Такое положение дел превращало всех нас в хозяйственников, отодвигая на второй план даже те цели, ради которых мы переселились на Тасмир. Это очень огорчало отца, но он не падал духом. Предоставив другим вопросы о продовольствии, он занялся разрешением вопроса о топливе. С конца лета он на целые дни запирался у себя в комнате и работал над конструкцией каких-то аппаратов, делая огромнейшие вычисления.
Мы делали все, чтобы устранить всякие помехи его занятиям, а сами ломали голову над созданием огорода и над пересадкой с материка на Тасмир ягодных кустов.
Это были самые будничные, но и самые трудные задачи, которые развернулись перед нами так грозно, как мы и не думали, переселяясь на Тасмир.
Помню, в эти будничные дни меня долго угнетало какое-то ощущение вины, хотя ни я, ни вся наша молодежь ни в чем виноваты не были.
Я должен сознаться, что умственный кругозор нашего поколения не тот, как у наших отцов. Мы отрезались от всего мира, ушли в личную жизнь, нам было это приятно, и мы не хотели выходить за пределы своего физического и духовного затворничества. Эти мысли пришли мне в голову после случайно слышанного разговора.
Как-то после смены я прилег у камня на берегу моря и задремал. Вдруг я услышал голос Лазарева.
– Ты прав, – говорил он, – наши планы перекувыркнулись. В порыве увлечения мы думали, что года два-три достаточно для осуществления нашей мечты. Но только на пятый год «Борьба» была создана окончательно.
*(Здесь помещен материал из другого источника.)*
text \<open>If \<open>P\<close> and \<open>v\<close> change sign under \<open>\<tau>\<close>, the eigen-equation holds at
  \<open>relabel_basis \<tau> \<mu>\<close> as soon as it holds at \<open>\<mu>\<close>, and it holds trivially where \<open>\<tau>\<close>
  fixes \<open>\<mu>\<close>.\<close>

definition odd_under ::
    "(nat \<Rightarrow> nat) \<Rightarrow> ((nat set \<Rightarrow> real) \<Rightarrow> real) \<Rightarrow> (nat set option \<Rightarrow> real) \<Rightarrow> bool" where
  "odd_under \<tau> P v \<longleftrightarrow> \<tau> permutes S \<and> \<tau> ` U = U \<and>
     (\<forall>x\<in>X. P (relabel \<tau> x) = - P x) \<and> (\<forall>\<mu>. v (relabel_basis \<tau> \<mu>) = - v \<mu>)"

lemma odd_under_transposeI:
  assumes "a \<in> S" "b \<in> S" "a \<in> U \<longleftrightarrow> b \<in> U"
    and "\<And>x. x \<in> X \<Longrightarrow> P (relabel (transpose a b) x) = - P x"
    and "\<And>\<mu>. v (relabel_basis (transpose a b) \<mu>) = - v \<mu>"
  shows "odd_under (transpose a b) P v"
  unfolding odd_under_def using assms by (simp add: permutes_swap_id)

lemma cut_mom_eq_relabel:
  assumes odd: "odd_under \<tau> P v" and eq: "cut_mom P \<mu> = c * v \<mu>"
  shows "cut_mom P (relabel_basis \<tau> \<mu>) = c * v (relabel_basis \<tau> \<mu>)"
  using odd cut_mom_relabel[of \<tau> P \<mu>] eq unfolding odd_under_def by simp

lemma cut_mom_eq_fixed:
  assumes odd: "odd_under \<tau> P v" and fixed: "relabel_basis \<tau> \<mu> = \<mu>"
  shows "cut_mom P \<mu> = c * v \<mu>"
proof -
  have "cut_mom P \<mu> = - cut_mom P \<mu>" "v \<mu> = - v \<mu>"
    using odd cut_mom_relabel[of \<tau> P \<mu>] fixed unfolding odd_under_def by metis+
  then show ?thesis by simp
qed

lemma vertex_eigvec:
  assumes i: "i \<in> S"
  shows "is_eigvec n (AU n U) (\<lambda>\<mu>. 2 * one_v \<mu> - (\<Sum>j\<in>S - {i}. xv i j \<mu>)) 0"
proof (rule is_eigvec_AU_intro)
  show "2 * one_v \<mu> - (\<Sum>j\<in>S - {i}. xv i j \<mu>) = 0" if "\<mu> \<notin> basis1 n" for \<mu>
    using that i by (auto intro!: sum.neutral xv_outside_basis1 simp: one_v_outside_basis1)
  show "None \<in> basis1 n" "2 * one_v None - (\<Sum>j\<in>S - {i}. xv i j None) \<noteq> 0"
    by (simp_all add: basis1_def one_v_def xv_def)
  show "lin_eval n (\<lambda>\<mu>. 2 * one_v \<mu> - (\<Sum>j\<in>S - {i}. xv i j \<mu>)) x = 2 - (\<Sum>j\<in>S - {i}. x {i, j})" for x
    using i by (simp add: lin_eval_linear lin_eval_one_v lin_eval_xv)
  show "cut_mom (\<lambda>x. 2 - (\<Sum>j\<in>S - {i}. x {i, j})) \<mu>
      = 0 * cut_total * (2 * one_v \<mu> - (\<Sum>j\<in>S - {i}. xv i j \<mu>))" for \<mu>
    unfolding cut_mom_def using X_degree[OF _ i] by simp
qed

lemma cut_mom_eq_four_cycle:
  assumes abcd: "distinct [a, b, c, d]"
    and odd_ac: "odd_under (transpose a c) P v" and odd_bd: "odd_under (transpose b d) P v"
    and eq_ab: "cut_mom P (Some {a, b}) = k * v (Some {a, b})"
    and \<mu>: "\<mu> \<in> basis1 n"
  shows "cut_mom P \<mu> = k * v \<mu>"
proof -
  have eq_bc: "cut_mom P (Some {b, c}) = k * v (Some {b, c})"
    using cut_mom_eq_relabel[OF odd_ac eq_ab] abcd by (simp add: relabel_basis_def insert_commute)
  have eq_cd: "cut_mom P (Some {c, d}) = k * v (Some {c, d})"
    using cut_mom_eq_relabel[OF odd_bd eq_bc] abcd by (simp add: relabel_basis_def insert_commute)
  have eq_da: "cut_mom P (Some {d, a}) = k * v (Some {d, a})"
    using cut_mom_eq_relabel[OF odd_ac eq_cd] abcd by (simp add: relabel_basis_def insert_commute)
  from \<mu> show ?thesis
  proof (cases rule: basis1_cases)
    case 1
    then show ?thesis by (intro cut_mom_eq_fixed[OF odd_ac]) (simp add: relabel_basis_def)
  next
    case (2 i j)
    show ?thesis
    proof (cases "transpose a c ` {i, j} = {i, j} \<or> transpose b d ` {i, j} = {i, j}")
      case True
      then have "relabel_basis (transpose a c) \<mu> = \<mu> \<or> relabel_basis (transpose b d) \<mu> = \<mu>"
        using 2(1) by (auto simp: relabel_basis_def)
      then show ?thesis
        using cut_mom_eq_fixed[OF odd_ac] cut_mom_eq_fixed[OF odd_bd] by blast
    next
      case False
      then have "{i, j} \<in> {{a, b}, {b, c}, {c, d}, {d, a}}"
        using 2 abcd by (intro four_cycle_edge_if_moved) auto
      then show ?thesis
        using 2 eq_ab eq_bc eq_cd eq_da by auto
    qed
  qed
qed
Год ушел на подготовку к перелету, и вот вторая зима застает нас здесь, в ледяной пустыне, с одной машиной, отрезанными от всего мира…
– А не попытаться ли нам связаться с партией, – услышал я голос отца.
– Подумай, – ответил Лазарев, – что из этого выйдет, если нас заметят? В Россию мы полететь не можем, ибо только что удрали из лап полиции. Полететь во Францию, в Англию? Так ведь о нас сейчас же полетят телеграммы во все газеты. Мы создадим сенсацию, и за нами начнут охотиться репортеры. Меня пугает, Лев, трагичность нашего положения. Нам нужны прокламации, динамит, матерьялы для новых машин, а мы, как ты говоришь, – робинзоны и живем обломками и осколками, которые случайно попадают к нам в руки.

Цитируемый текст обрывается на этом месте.